This week, U.S. Sen. Rick Scott, R-Fla., threw his support behind U.S. Sen. Jacky Rosen’s, D-Nev., proposal to “bar members of Congress who are convicted of felonies related to their official duties from collecting taxpayer-funded pensions.”
Rosen introduced the “No Congressionally-Obligated Recurring Revenue Used As Pensions To Incarcerated Officials Now (No CORRUPTION) Act” this week with Scott as a co-sponsor.
“It is unthinkable that a former member of Congress could be convicted of a crime involving public corruption and still benefit off the taxpayer dollars of hardworking families. If we are going to make Washington work for American families, we need real reforms that end the current dysfunction. I’m proud to sponsor this bipartisan, commonsense legislation to prevent criminals from getting taxpayer-funded retirement benefits,” Scott said.

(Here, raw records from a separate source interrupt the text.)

locale two_category =
  fixes A :: "('o, 'a, 'c) two_cat"
  assumes src_ob: "f \<in> ar A \<Longrightarrow> src A f \<in> ob A"
    and trg_ob: "f \<in> ar A \<Longrightarrow> trg A f \<in> ob A"
    and idA_ar: "x \<in> ob A \<Longrightarrow> idA A x \<in> ar A"
    and idA_src: "x \<in> ob A \<Longrightarrow> src A (idA A x) = x"
    and idA_trg: "x \<in> ob A \<Longrightarrow> trg A (idA A x) = x"
    and cmp_ar: "\<lbrakk>f \<in> ar A; g \<in> ar A; trg A f = src A g\<rbrakk> \<Longrightarrow> cmp A g f \<in> ar A"
    and cmp_src: "\<lbrakk>f \<in> ar A; g \<in> ar A; trg A f = src A g\<rbrakk> \<Longrightarrow> src A (cmp A g f) = src A f"
    and cmp_trg: "\<lbrakk>f \<in> ar A; g \<in> ar A; trg A f = src A g\<rbrakk> \<Longrightarrow> trg A (cmp A g f) = trg A g"
    and cmp_idl: "f \<in> ar A \<Longrightarrow> cmp A (idA A (trg A f)) f = f"
    and cmp_idr: "f \<in> ar A \<Longrightarrow> cmp A f (idA A (src A f)) = f"
    and cmp_assoc: "\<lbrakk>f \<in> ar A; g \<in> ar A; h \<in> ar A; trg A f = src A g; trg A g = src A h\<rbrakk>
                    \<Longrightarrow> cmp A h (cmp A g f) = cmp A (cmp A h g) f"
    and dom2_ar: "a \<in> cl A \<Longrightarrow> dom2 A a \<in> ar A"
    and cod2_ar: "a \<in> cl A \<Longrightarrow> cod2 A a \<in> ar A"
    and cell_src: "a \<in> cl A \<Longrightarrow> src A (dom2 A a) = src A (cod2 A a)"
    and cell_trg: "a \<in> cl A \<Longrightarrow> trg A (dom2 A a) = trg A (cod2 A a)"
    and id2_cl: "f \<in> ar A \<Longrightarrow> id2 A f \<in> cl A"
    and id2_dom: "f \<in> ar A \<Longrightarrow> dom2 A (id2 A f) = f"
    and id2_cod: "f \<in> ar A \<Longrightarrow> cod2 A (id2 A f) = f"
    and vcmp_cl: "\<lbrakk>a \<in> cl A; b \<in> cl A; cod2 A a = dom2 A b\<rbrakk> \<Longrightarrow> vcmp A b a \<in> cl A"
    and vcmp_dom: "\<lbrakk>a \<in> cl A; b \<in> cl A; cod2 A a = dom2 A b\<rbrakk> \<Longrightarrow> dom2 A (vcmp A b a) = dom2 A a"
    and vcmp_cod: "\<lbrakk>a \<in> cl A; b \<in> cl A; cod2 A a = dom2 A b\<rbrakk> \<Longrightarrow> cod2 A (vcmp A b a) = cod2 A b"
    and vcmp_idl: "a \<in> cl A \<Longrightarrow> vcmp A (id2 A (cod2 A a)) a = a"
    and vcmp_idr: "a \<in> cl A \<Longrightarrow> vcmp A a (id2 A (dom2 A a)) = a"
    and vcmp_assoc: "\<lbrakk>a \<in> cl A; b \<in> cl A; c \<in> cl A; cod2 A a = dom2 A b; cod2 A b = dom2 A c\<rbrakk>
                     \<Longrightarrow> vcmp A c (vcmp A b a) = vcmp A (vcmp A c b) a"
    and hcmp_cl: "\<lbrakk>a \<in> cl A; b \<in> cl A; trg A (dom2 A a) = src A (dom2 A b)\<rbrakk> \<Longrightarrow> hcmp A b a \<in> cl A"
    and hcmp_dom: "\<lbrakk>a \<in> cl A; b \<in> cl A; trg A (dom2 A a) = src A (dom2 A b)\<rbrakk>
                   \<Longrightarrow> dom2 A (hcmp A b a) = cmp A (dom2 A b) (dom2 A a)"
    and hcmp_cod: "\<lbrakk>a \<in> cl A; b \<in> cl A; trg A (dom2 A a) = src A (dom2 A b)\<rbrakk>
                   \<Longrightarrow> cod2 A (hcmp A b a) = cmp A (cod2 A b) (cod2 A a)"
    and hcmp_id2: "\<lbrakk>f \<in> ar A; g \<in> ar A; trg A f = src A g\<rbrakk>
                   \<Longrightarrow> hcmp A (id2 A g) (id2 A f) = id2 A (cmp A g f)"
    and interchange: "\<lbrakk>a \<in> cl A; a' \<in> cl A; b \<in> cl A; b' \<in> cl A;
                       cod2 A a = dom2 A a'; cod2 A b = dom2 A b'; trg A (dom2 A a) = src A (dom2 A b)\<rbrakk>
                   \<Longrightarrow> hcmp A (vcmp A b' b) (vcmp A a' a) = vcmp A (hcmp A b' a') (hcmp A b a)"
    and hcmp_idl: "a \<in> cl A \<Longrightarrow> hcmp A (id2 A (idA A (trg A (dom2 A a)))) a = a"
    and hcmp_idr: "a \<in> cl A \<Longrightarrow> hcmp A a (id2 A (idA A (src A (dom2 A a)))) = a"
    and hcmp_assoc: "\<lbrakk>a \<in> cl A; b \<in> cl A; c \<in> cl A;
                      trg A (dom2 A a) = src A (dom2 A b); trg A (dom2 A b) = src A (dom2 A c)\<rbrakk>
                   \<Longrightarrow> hcmp A c (hcmp A b a) = hcmp A (hcmp A c b) a"
lemma infinite_chain:
  assumes ns: "no_sources k L" and \<tau>: "\<tau> \<in> Mor L"
  shows "\<exists>c. c 0 = \<tau> \<and> (\<forall>i j. i \<le> j \<longrightarrow> prefix (c i) (c j)) \<and>
           (\<forall>j. c j \<in> Mor L \<and> deg L (c j) = (\<lambda>i. deg L \<tau> i + (if i < k then j else 0)))"
proof -
  define e :: "nat \<Rightarrow> nat" where "e = (\<lambda>i. if i < k then 1 else 0)"
  define step where "step = (\<lambda>x. SOME \<beta>. \<beta> \<in> vLn L (src L x) e)"
  define c where "c = rec_nat \<tau> (\<lambda>j x. cmp L x (step x))"
  have c_Suc: "c (Suc j) = cmp L (c j) (step (c j))" for j by (simp add: c_def)
  have step_edge: "step x \<in> Mor L \<and> rng L (step x) = src L x \<and> deg L (step x) = e"
    if "x \<in> Mor L" for x
  proof -
    have "e \<in> NK k" unfolding NK_def e_def by auto
    then have "vLn L (src L x) e \<noteq> {}" using ns src_vertex[OF that] unfolding no_sources_def by blast
    then have "step x \<in> vLn L (src L x) e" unfolding step_def by (metis ex_in_conv someI_ex)
    then show ?thesis unfolding vLn_def by auto
  qed
  have c_deg: "c j \<in> Mor L \<and> deg L (c j) = (\<lambda>i. deg L \<tau> i + (if i < k then j else 0))" for j
  proof (induction j)
    case 0 then show ?case using \<tau> by (simp add: c_def)
  next
    case (Suc j)
    then show ?case using step_edge[of "c j"] c_Suc[of j] cmp_mor deg_cmp[of "c j" "step (c j)"]
      by (auto simp: e_def fun_eq_iff)
  qed
  have "prefix (c i) (c j)" if "i \<le> j" for i j
    using that
  proof (induction j rule: dec_induct)
    case base then show ?case using c_deg prefix_refl by auto
  next
    case (step j)
    have "prefix (c j) (c (Suc j))" using c_Suc[of j] prefix_cmp c_deg step_edge by metis
    then show ?case using step prefix_trans by blast
  qed
  moreover have "c 0 = \<tau>" by (simp add: c_def)
  ultimately show ?thesis using c_deg by blast
qed

lemma exists_ultrafilter_containing:
  assumes "no_sources k L" "\<tau> \<in> Mor L"
  shows "\<exists>S. is_ultrafilter k L S \<and> \<tau> \<in> S"
proof -
  obtain c where c0: "c 0 = \<tau>" and chain: "\<forall>i j. i \<le> j \<longrightarrow> prefix (c i) (c j)"
    and c_deg: "\<forall>j. c j \<in> Mor L \<and> deg L (c j) = (\<lambda>i. deg L \<tau> i + (if i < k then j else 0))"
    using infinite_chain[OF assms] by blast
  have "\<exists>j. \<forall>i. n i \<le> deg L (c j) i" if "n \<in> NK k" for n
  proof -
    have "n i \<le> deg L (c (\<Sum>i<k. n i)) i" for i
      using that c_deg member_le_sum[of i "{..<k}" n] unfolding NK_def by (cases "i < k") auto
    then show ?thesis by blast
  qed
  then have "is_ultrafilter k L {x. \<exists>j. prefix x (c j)}"
    using ultrafilter_of_chain chain by blast
  moreover have "\<tau> \<in> {x. \<exists>j. prefix x (c j)}" using prefix_refl[OF assms(2)] c0 by auto
  ultimately show ?thesis by blast
qed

“No member of Congress who’s convicted of a felony related to their time in office should receive a pension from American taxpayers. Our bipartisan bill will safeguard taxpayer dollars by closing a loophole that allows corrupt officials to continue collecting government pensions. It’s past time that corrupt members of Congress are held accountable,” Rosen said.
Scott’s office offered some of the reasons behind the bill.
“Current law requires former members of Congress convicted of a felony to forfeit their pensions only after exhausting their appeals, which allows convicted former members to go on filing one appeal after another for years while collecting their taxpayer-funded pensions. The No CORRUPTION Act amends the law to close that loophole, so former members of Congress lose their pensions immediately following a lawful conviction of certain felonies related to their official duties. The bill would also ensure that convicted former members of Congress who are pardoned by a president of the United States will not receive pensions unless a court overturns their convictions,” Scott’s office noted.
The National Taxpayers Union is backing the bill.
The bill was sent to the U.S. Senate Homeland Security and Governmental Affairs Committee. So far, there is no companion measure over in the U.S. House.